5.  On some phones, you may be prompted with a sub-menu, or there may be an options menu, where you can enable Bluetooth for Phone Audio or Media (music) Audio.  Check the appropriate options; usually both.

If you are having problems pairing, see this article:
Keyliner: Bluetooth Headset does not respond to Voice calls

2014.01.27 Edited for clarity and some embarrassing sentence construction and transitions; added better Re-Pairing instructions and numerous other article improvements.  Originally published 2012.08.15.

Related Articles:
Keyliner: Bluetooth Headset does not respond to Voice Calls

Monday, January 13, 2014

Plantronics Voyager HD Headset no longer working for phone calls

Problem: Plantronics Voyager HD Bluetooth Headset no longer working for phone calls. Bluetooth Headset will not connect during voice calls.

Headset announces "Phone 1 connected"
Headset plays MP3 music
Headset announces talk time, disconnects, etc.
Bluetooth Headset settings were marked for both Phone Audio and Media Audio.
But Headset does not work during a phone call.

These instructions demonstrate an HTC One X phone, running Android 4.x.  Steps should be similar on other devices and other headsets.

Confirm this first:

A.  In the (Android) main Settings screen, confirm Bluetooth is On.

B.  In the main Settings page, click Bluetooth and locate the paired device.  On my phone, this appears as "PLT_VoyagerPro connected".  Click the Adjust-Settings icon on the far-right of the headset's name.

C.  In the Profiles section, confirm Phone Audio and Media Audio are turned on.  If not, turn the phone audio on and exit these screens.

D.  Test using the headset by calling Voice Mail (press and hold the "1" key on the numeric dial-pad).  If you still cannot hear the call, continue with the steps below.

Better Re-Pairing (Paring) Instructions:

I spoke with Plantronics support and they suggested these steps.  The first, solved my problem.

1.  From the phone's Bluetooth settings menu, delete the headset (de-pair).

2.  Exit the settings page and return to the phone's home page.

3.  Important, and this is the keys step:  Power-off, then on the phone.  This re-sets the bluetooth stack.

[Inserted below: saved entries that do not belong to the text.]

lemma prime_pal_gf_upper:
  assumes s: "0 \<le> s" "k * s < 1"
  shows "prime_pal_gf k s \<le> k * s + (real k - 1) * k * s\<^sup>2 / (1 - k * s)"
proof -
  let ?F = "\<lambda>j. real (card (prime_pals k j)) * s ^ j"
  have geo: "(\<lambda>j. (real k - 1) * k * s\<^sup>2 * (k * s) ^ j) sums ((real k - 1) * k * s\<^sup>2 / (1 - k * s))"
    using s sums_mult[OF geometric_sums[of "k * s"], of "(real k - 1) * k * s\<^sup>2"] by simp
  have "?F (j + 2) \<le> (real k - 1) * k * s\<^sup>2 * (k * s) ^ j" for j
  proof -
    have "card (prime_pals k (j + 2)) + k ^ (j + 1) \<le> k ^ (j + 2)"
      using card_prime_pals_upper[of "j + 2" k] by simp
    then have "real (card (prime_pals k (j + 2))) \<le> real k ^ (j + 2) - real k ^ (j + 1)"
      by (metis of_nat_add of_nat_le_iff of_nat_power le_diff_eq)
    also have "\<dots> = (real k - 1) * k * k ^ j" by (simp add: algebra_simps)
    finally have "?F (j + 2) \<le> ((real k - 1) * k * k ^ j) * s ^ (j + 2)"
      using s by (intro mult_right_mono) simp_all
    also have "\<dots> = (real k - 1) * k * s\<^sup>2 * (k * s) ^ j"
      by (simp add: power_add power_mult_distrib power2_eq_square)
    finally show ?thesis .
  qed
  then have "(\<Sum>j. ?F (j + 2)) \<le> (real k - 1) * k * s\<^sup>2 / (1 - k * s)"
    using summable_ignore_initial_segment[OF summable_prime_pal_gf[OF s], of 2] geo
    by (intro sums_le[OF _ summable_sums]) simp_all
  moreover have "prime_pal_gf k s = (\<Sum>j. ?F (j + 2)) + ?F 1"
    using suminf_split_initial_segment[OF summable_prime_pal_gf[OF s], of 2]
    by (simp add: prime_pal_gf_def numeral_2_eq_2 prime_pals_0)
  moreover have "?F 1 \<le> k * s"
    using card_prime_pals_le[of k 1] s by (simp add: mult_right_mono)
  ultimately show ?thesis by linarith
qed

lemma pal_prefix_bound_gf:
  fixes s :: real
  assumes k: "2 \<le> k" and s: "0 \<le> s" "k * s < 1"
  shows "(\<lambda>j. real (pal_prefix_bound k j) * s ^ j) sums (k * s\<^sup>2 / ((1 - k * s) * (1 - k * s\<^sup>2)))"
proof -
  let ?P = "\<lambda>j. real (pal_prefix_bound k j) * s ^ j"
  have "summable ?P"
  proof (rule summable_comparison_test)
    show "summable (\<lambda>j. (k * s) ^ j)" using s by simp
    show "\<exists>N. \<forall>j\<ge>N. norm (?P j) \<le> (k * s) ^ j"
      using s pal_prefix_bound_le[OF k]
      by (auto simp: power_mult_distrib intro!: mult_right_mono simp flip: of_nat_power)
  qed
  then obtain C where C: "?P sums C" by (auto simp: summable_def)
  have shift: "(\<lambda>j. ?P (j + 2)) = (\<lambda>j. k * s\<^sup>2 * (k * s) ^ j + k * s\<^sup>2 * ?P j)"
    using pal_prefix_bound_Suc_Suc[of k]
    by (simp add: fun_eq_iff power_add power_mult_distrib power2_eq_square algebra_simps)
  have "(\<lambda>j. ?P (j + 2)) sums C"
  proof -
    have "(\<Sum>j<2. ?P j) = 0" by (simp add: numeral_2_eq_2 pal_prefix_bound_def)
    then show ?thesis using C sums_iff_shift[of ?P 2 C] by simp
  qed
  moreover have "(\<lambda>j. k * s\<^sup>2 * (k * s) ^ j + k * s\<^sup>2 * ?P j) sums (k * s\<^sup>2 / (1 - k * s) + k * s\<^sup>2 * C)"
    using s sums_mult[OF geometric_sums[of "k * s"], of "k * s\<^sup>2"] sums_mult[OF C, of "k * s\<^sup>2"]
    by (intro sums_add) simp_all
  ultimately have "C = k * s\<^sup>2 / (1 - k * s) + k * s\<^sup>2 * C"
    unfolding shift by (rule sums_unique2)
  then have "C * (1 - k * s\<^sup>2) = k * s\<^sup>2 / (1 - k * s)" by (simp add: algebra_simps)
  moreover have "k * s\<^sup>2 < 1"
  proof -
    have "s \<le> k * s" using mult_right_mono[of 1 "real k" s] k s by simp
    then have "s \<le> 1" using s by simp
    then have "k * s\<^sup>2 \<le> k * s"
      using s by (simp add: power2_eq_square mult_left_mono mult_left_le)
    then show ?thesis using s by simp
  qed
  ultimately have "C = k * s\<^sup>2 / ((1 - k * s) * (1 - k * s\<^sup>2))"
    using s by (simp add: eq_divide_eq mult_ac)
  with C show ?thesis by simp
qed

lemma prime_pal_gf_lower:
  fixes s :: real
  assumes k: "2 \<le> k" and s: "0 \<le> s" "k * s < 1"
  shows "k * s / (1 - k * s) - k * s\<^sup>2 / ((1 - k * s) * (1 - k * s\<^sup>2)) \<le> prime_pal_gf k s"
proof -
  let ?F = "\<lambda>j. real (card (prime_pals k j)) * s ^ j"
  let ?P = "\<lambda>j. real (pal_prefix_bound k j) * s ^ j"
  have "?F sums prime_pal_gf k s"
    using summable_sums[OF summable_prime_pal_gf[OF s]] by (simp add: prime_pal_gf_def)
  then have F: "(\<lambda>j. ?F (Suc j)) sums prime_pal_gf k s"
    by (subst sums_Suc_iff) (simp add: prime_pals_0)
  have lower: "(\<lambda>j. (k * s) ^ Suc j - ?P (Suc j)) sums
      (k * s / (1 - k * s) - k * s\<^sup>2 / ((1 - k * s) * (1 - k * s\<^sup>2)))"
  proof (intro sums_diff)
    have "1 / (1 - k * s) = k * s / (1 - k * s) + (k * s) ^ 0" using s by (simp add: field_simps)
    then have "(\<lambda>j. (k * s) ^ j) sums (k * s / (1 - k * s) + (k * s) ^ 0)"
      using s geometric_sums[of "k * s"] by simp
    then show "(\<lambda>j. (k * s) ^ Suc j) sums (k * s / (1 - k * s))"
      using sums_Suc_iff[of "\<lambda>j. (k * s) ^ j"] by blast
    show "(\<lambda>j. ?P (Suc j)) sums (k * s\<^sup>2 / ((1 - k * s) * (1 - k * s\<^sup>2)))"
      using pal_prefix_bound_gf[OF assms] sums_Suc_iff[of ?P] by (simp add: pal_prefix_bound_0)
  qed
  have termwise: "(k * s) ^ Suc j - ?P (Suc j) \<le> ?F (Suc j)" for j
  proof -
    have "real (k ^ Suc j) \<le> real (card (prime_pals k (Suc j))) + real (pal_prefix_bound k (Suc j))"
      using card_prime_pals_lower[of "Suc j" k] by (metis le_add1 of_nat_add of_nat_le_iff plus_1_eq_Suc)
    then have "real k ^ Suc j - real (pal_prefix_bound k (Suc j)) \<le> real (card (prime_pals k (Suc j)))"
      by simp
    then have "(real k ^ Suc j - real (pal_prefix_bound k (Suc j))) * s ^ Suc j
        \<le> real (card (prime_pals k (Suc j))) * s ^ Suc j"
      using s by (intro mult_right_mono) simp_all
    then show ?thesis by (simp only: power_mult_distrib left_diff_distrib)
  qed
  show ?thesis by (rule sums_le[OF termwise lower F])
qed

lemma upper_gf_estimate_lt_1:
  fixes x s :: real
  assumes x: "2 \<le> x" and s_def: "s = 1 / (2 * x - 1/2)"
  shows "x * s + (x - 1) * x * s\<^sup>2 / (1 - x * s) < 1"
proof -
  have "0 < s" and s: "s * (2 * x - 1/2) = 1" using x unfolding s_def by auto
  have "1 - x * s = (x - 1/2) * s" using s by (simp add: algebra_simps)
  then have "(x - 1) * x * s\<^sup>2 / (1 - x * s) = (x - 1) * x * s / (x - 1/2)"
    using \<open>0 < s\<close> by (simp add: power2_eq_square)
  also have "\<dots> < (x - 1/2) * s"
  proof -
    have "(x - 1) * x < (x - 1/2) * (x - 1/2)" by (simp add: algebra_simps)
    then show ?thesis using \<open>0 < s\<close> x by (simp add: pos_divide_less_eq)
  qed
  finally show ?thesis using s by (simp add: algebra_simps)
qed

lemma lower_gf_estimate_gt_1:
  fixes x s :: real
  assumes x: "2 \<le> x" and s_def: "s = 1 / (2 * x - 1)"
  shows "1 < x * s / (1 - x * s) - x * s\<^sup>2 / ((1 - x * s) * (1 - x * s\<^sup>2))"
proof -
  have "0 < s" and s: "s * (2 * x - 1) = 1" using x unfolding s_def by auto
  have xs: "1 - x * s = (x - 1) * s" using s by (simp add: algebra_simps)
  have "x * s + x * s\<^sup>2 < 1"
  proof -
    have "0 \<le> x * (x - 2)" using x by simp
    then have "x * (2 * x - 1) + x < (2 * x - 1)\<^sup>2" by (simp add: power2_eq_square algebra_simps)
    then have "(x * (2 * x - 1) + x) * s\<^sup>2 < ((2 * x - 1) * s)\<^sup>2"
      using \<open>0 < s\<close> by (simp add: power_mult_distrib)
    also have "\<dots> = 1" using s by (simp add: mult.commute)
    finally have "(x * (2 * x - 1) + x) * s\<^sup>2 < 1" .
    moreover have "x * s + x * s\<^sup>2 = x * s * (s * (2 * x - 1)) + x * s\<^sup>2" using s by simp
    moreover have "\<dots> = (x * (2 * x - 1) + x) * s\<^sup>2" by (simp add: power2_eq_square algebra_simps)
    ultimately show ?thesis by simp
  qed
  moreover have "0 < x * s" using \<open>0 < s\<close> x by simp
  ultimately have q: "x * s / (1 - x * s\<^sup>2) < 1" by (simp add: pos_divide_less_eq)
  have "x * s / (1 - x * s) = x / (x - 1)" unfolding xs using \<open>0 < s\<close> by simp
  moreover have "x * s\<^sup>2 / ((1 - x * s) * (1 - x * s\<^sup>2)) = (x * s / (1 - x * s\<^sup>2)) / (x - 1)"
    unfolding xs using \<open>0 < s\<close> by (simp add: power2_eq_square)
  ultimately have "x * s / (1 - x * s) - x * s\<^sup>2 / ((1 - x * s) * (1 - x * s\<^sup>2))
      = (x - x * s / (1 - x * s\<^sup>2)) / (x - 1)"
    by (simp add: diff_divide_distrib)
  also have "\<dots> > 1" using q x by simp
  finally show ?thesis .
qed

lemma prime_pal_gf_root:
  assumes k: "2 \<le> k"
  obtains \<alpha> where "2 * real k - 1 < \<alpha>" "\<alpha> < 2 * real k - 1/2" "prime_pal_gf k (1 / \<alpha>) = 1"
proof -
  define s1 where "s1 = 1 / (2 * real k - 1/2)"
  define s2 where "s2 = 1 / (2 * real k - 1)"
  define K where "K = 1 / (real k + 1/2)"
  have kr: "2 \<le> real k" using k by simp
  have s: "0 < s1" "s1 < s2" "s2 < K" "real k * K < 1"
    using kr unfolding s1_def s2_def K_def by (simp_all add: field_simps)
  have "real k * s2 < real k * K" using s kr by (intro mult_strict_left_mono) auto
  moreover have "real k * s1 < real k * s2" using s kr by (intro mult_strict_left_mono) auto
  ultimately have "k * s1 < 1" "k * s2 < 1" using s by auto
  then have below: "prime_pal_gf k s1 < 1" and above: "1 < prime_pal_gf k s2"
    using prime_pal_gf_upper[of s1 k] upper_gf_estimate_lt_1[OF kr s1_def]
      prime_pal_gf_lower[OF k, of s2] lower_gf_estimate_gt_1[OF kr s2_def] s
    by linarith+
  have "continuous_on {s1..s2} (prime_pal_gf k)"
  proof (intro continuous_at_imp_continuous_on ballI)
    fix x assume "x \<in> {s1..s2}"
    then have "norm x < norm K" using s by auto
    moreover have "summable (\<lambda>j. real (card (prime_pals k j)) * K ^ j)"
      using s by (intro summable_prime_pal_gf) simp_all
    ultimately show "isCont (prime_pal_gf k) x"
      unfolding prime_pal_gf_def[abs_def] by (rule isCont_powser[rotated])
  qed
  then obtain s where "s1 \<le> s" "s \<le> s2" and root: "prime_pal_gf k s = 1"
    using IVT'[of "prime_pal_gf k" s1 1 s2] below above s by auto
  with below above have "s1 < s" "s < s2" by (auto simp: order.order_iff_strict)
  then have "2 * real k - 1 < 1 / s" "1 / s < 2 * real k - 1/2"
    using s kr unfolding s1_def s2_def by (simp_all add: field_simps)
  with root show thesis by (intro that[of "1 / s"]) simp_all
qed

4.  Re-pair normally  (Press and hold the headset's power button for approximately 10 seconds, until the LED flashes alternating red and blue.  Turn on the phone's Bluetooth.  In the Settings page, bluetooth, click on the the advertised headset.  If prompted for a code, use "0000".

5.  One re-paired, click the Adjust-Settings icon on the far-right.  Confirm Phone Audio and Media Audio are selected (see illustrations, above).  Return to the phone's main screen.

6.  To test, dial voice-mail (press and hold "1" on the numeric dial pad).  Confirm you can hear the call.

Other Diagnostic Steps:

a.  Consider pairing the headset to another device, such as a tablet or another phone. If this pairs successfully, it indicates the problem is with your phone.  If it fails to pair or fails to work on the other device, suspect a problem with the headset.